ABOUT THIS TASK: Every line of the listing is to be printed again exactly.

════════

lemma irreducible_on_PMH_phiBar:
  fixes g :: "nat \<Rightarrow> real"
  assumes fin: "finite Lam" "finite Y" and ladder: "Lam = g ` {1..n}"
    and steps: "\<And>k. 1 \<le> k \<Longrightarrow> k < n \<Longrightarrow>
                 g k \<noteq> g (Suc k) \<and> phiL (g k) (g (Suc k)) > 0 \<and> phiL (g (Suc k)) (g k) > 0"
    and phiY: "markov_kernel_on Y phiY" "irreducible_on Y phiY"
    and phiY_sym: "\<And>y y'. y \<in> Y \<Longrightarrow> y' \<in> Y \<Longrightarrow> phiY y y' > 0 \<Longrightarrow> phiY y' y > 0"
    and \<alpha>: "0 < \<alpha>" and \<beta>: "0 < \<beta>"
    and P_pos: "\<forall>x\<in>Lam \<times> Y. P x > 0"
    and K_nonneg: "\<forall>x\<in>Lam \<times> Y. \<forall>z\<in>Lam \<times> Y. PMH (Lam \<times> Y) (phiBar phiL phiY \<alpha> \<beta>) P x z \<ge> 0"
  shows "irreducible_on (Lam \<times> Y) (PMH (Lam \<times> Y) (phiBar phiL phiY \<alpha> \<beta>) P)"
proof -
  let ?phi = "phiBar phiL phiY \<alpha> \<beta>"
  let ?R = "kernel_graph (Lam \<times> Y) (PMH (Lam \<times> Y) ?phi P)"
  have edge: "(x, z) \<in> ?R"
    if "x \<in> Lam \<times> Y" "z \<in> Lam \<times> Y" "x \<noteq> z" "?phi x z > 0" "?phi z x > 0" for x z
    using that P_pos by (auto simp: kernel_graph_def intro!: PMH_offdiag_pos)
  have phiY_nonneg: "\<forall>y\<in>Y. \<forall>y'\<in>Y. phiY y y' \<ge> 0"
    using phiY(1) by (simp add: markov_kernel_on_def)
  have fibre: "((l, y), (l, y')) \<in> ?R\<^sup>*" if "l \<in> Lam" "y \<in> Y" "y' \<in> Y" for l y y'
  proof -
    have "(y, y') \<in> (kernel_graph Y phiY)\<^sup>*"
      using phiY(2) irreducible_on_iff_reachable[OF fin(2) phiY_nonneg] that(2,3) by blast
    then show ?thesis
    proof (rule rtrancl_map)
      fix u v assume "(u, v) \<in> kernel_graph Y phiY"
      then have "u \<in> Y" "v \<in> Y" "phiY u v > 0" "phiY v u > 0"
        using phiY_sym by (auto simp: kernel_graph_def)
      then show "((l, u), (l, v)) \<in> ?R\<^sup>*"
        using that(1) \<beta> edge[of "(l, u)" "(l, v)"] by (cases "u = v") (auto simp: phiBar_def)
    qed
  qed
  have level: "((g i, y), (g j, y)) \<in> ?R\<^sup>*" if "i \<in> {1..n}" "j \<in> {1..n}" "y \<in> Y" for i j y
  proof (rule rtrancl_ladder_connected[of n "\<lambda>k. (g k, y)"])
    fix k assume "1 \<le> k" "k < n"
    with steps[of k] show "((g k, y), (g (Suc k), y)) \<in> ?R \<and> ((g (Suc k), y), (g k, y)) \<in> ?R"
      using that(3) \<alpha> edge ladder by (auto simp: phiBar_def)
  qed (use that in auto)
  show ?thesis
    unfolding irreducible_on_iff_reachable[OF finite_SigmaI[OF fin(1) fin(2)] K_nonneg]
  proof (intro ballI)
    fix x z assume "x \<in> Lam \<times> Y" "z \<in> Lam \<times> Y"
    then obtain i j y y' where "x = (g i, y)" "z = (g j, y')"
      and "i \<in> {1..n}" "j \<in> {1..n}" "y \<in> Y" "y' \<in> Y"
      using ladder by auto
    then show "(x, z) \<in> ?R\<^sup>*"
      using fibre level ladder by (meson image_eqI rtrancl_trans)
  qed
qed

════════

COMPLETED TASK:
lemma irreducible_on_PMH_phiBar:
  fixes g :: "nat \<Rightarrow> real"
  assumes fin: "finite Lam" "finite Y" and ladder: "Lam = g ` {1..n}"
    and steps: "\<And>k. 1 \<le> k \<Longrightarrow> k < n \<Longrightarrow>
                 g k \<noteq> g (Suc k) \<and> phiL (g k) (g (Suc k)) > 0 \<and> phiL (g (Suc k)) (g k) > 0"
    and phiY: "markov_kernel_on Y phiY" "irreducible_on Y phiY"
    and phiY_sym: "\<And>y y'. y \<in> Y \<Longrightarrow> y' \<in> Y \<Longrightarrow> phiY y y' > 0 \<Longrightarrow> phiY y' y > 0"
    and \<alpha>: "0 < \<alpha>" and \<beta>: "0 < \<beta>"
    and P_pos: "\<forall>x\<in>Lam \<times> Y. P x > 0"
    and K_nonneg: "\<forall>x\<in>Lam \<times> Y. \<forall>z\<in>Lam \<times> Y. PMH (Lam \<times> Y) (phiBar phiL phiY \<alpha> \<beta>) P x z \<ge> 0"
  shows "irreducible_on (Lam \<times> Y) (PMH (Lam \<times> Y) (phiBar phiL phiY \<alpha> \<beta>) P)"
proof -
  let ?phi = "phiBar phiL phiY \<alpha> \<beta>"
  let ?R = "kernel_graph (Lam \<times> Y) (PMH (Lam \<times> Y) ?phi P)"
  have edge: "(x, z) \<in> ?R"
    if "x \<in> Lam \<times> Y" "z \<in> Lam \<times> Y" "x \<noteq> z" "?phi x z > 0" "?phi z x > 0" for x z
    using that P_pos by (auto simp: kernel_graph_def intro!: PMH_offdiag_pos)
  have phiY_nonneg: "\<forall>y\<in>Y. \<forall>y'\<in>Y. phiY y y' \<ge> 0"
    using phiY(1) by (simp add: markov_kernel_on_def)
  have fibre: "((l, y), (l, y')) \<in> ?R\<^sup>*" if "l \<in> Lam" "y \<in> Y" "y' \<in> Y" for l y y'
  proof -
    have "(y, y') \<in> (kernel_graph Y phiY)\<^sup>*"
      using phiY(2) irreducible_on_iff_reachable[OF fin(2) phiY_nonneg] that(2,3) by blast
    then show ?thesis
    proof (rule rtrancl_map)
      fix u v assume "(u, v) \<in> kernel_graph Y phiY"
      then have "u \<in> Y" "v \<in> Y" "phiY u v > 0" "phiY v u > 0"
        using phiY_sym by (auto simp: kernel_graph_def)
      then show "((l, u), (l, v)) \<in> ?R\<^sup>*"
        using that(1) \<beta> edge[of "(l, u)" "(l, v)"] by (cases "u = v") (auto simp: phiBar_def)
    qed
  qed
  have level: "((g i, y), (g j, y)) \<in> ?R\<^sup>*" if "i \<in> {1..n}" "j \<in> {1..n}" "y \<in> Y" for i j y
  proof (rule rtrancl_ladder_connected[of n "\<lambda>k. (g k, y)"])
    fix k assume "1 \<le> k" "k < n"
    with steps[of k] show "((g k, y), (g (Suc k), y)) \<in> ?R \<and> ((g (Suc k), y), (g k, y)) \<in> ?R"
      using that(3) \<alpha> edge ladder by (auto simp: phiBar_def)
  qed (use that in auto)
  show ?thesis
    unfolding irreducible_on_iff_reachable[OF finite_SigmaI[OF fin(1) fin(2)] K_nonneg]
  proof (intro ballI)
    fix x z assume "x \<in> Lam \<times> Y" "z \<in> Lam \<times> Y"
    then obtain i j y y' where "x = (g i, y)" "z = (g j, y')"
      and "i \<in> {1..n}" "j \<in> {1..n}" "y \<in> Y" "y' \<in> Y"
      using ladder by auto
    then show "(x, z) \<in> ?R\<^sup>*"
      using fibre level ladder by (meson image_eqI rtrancl_trans)
  qed
qed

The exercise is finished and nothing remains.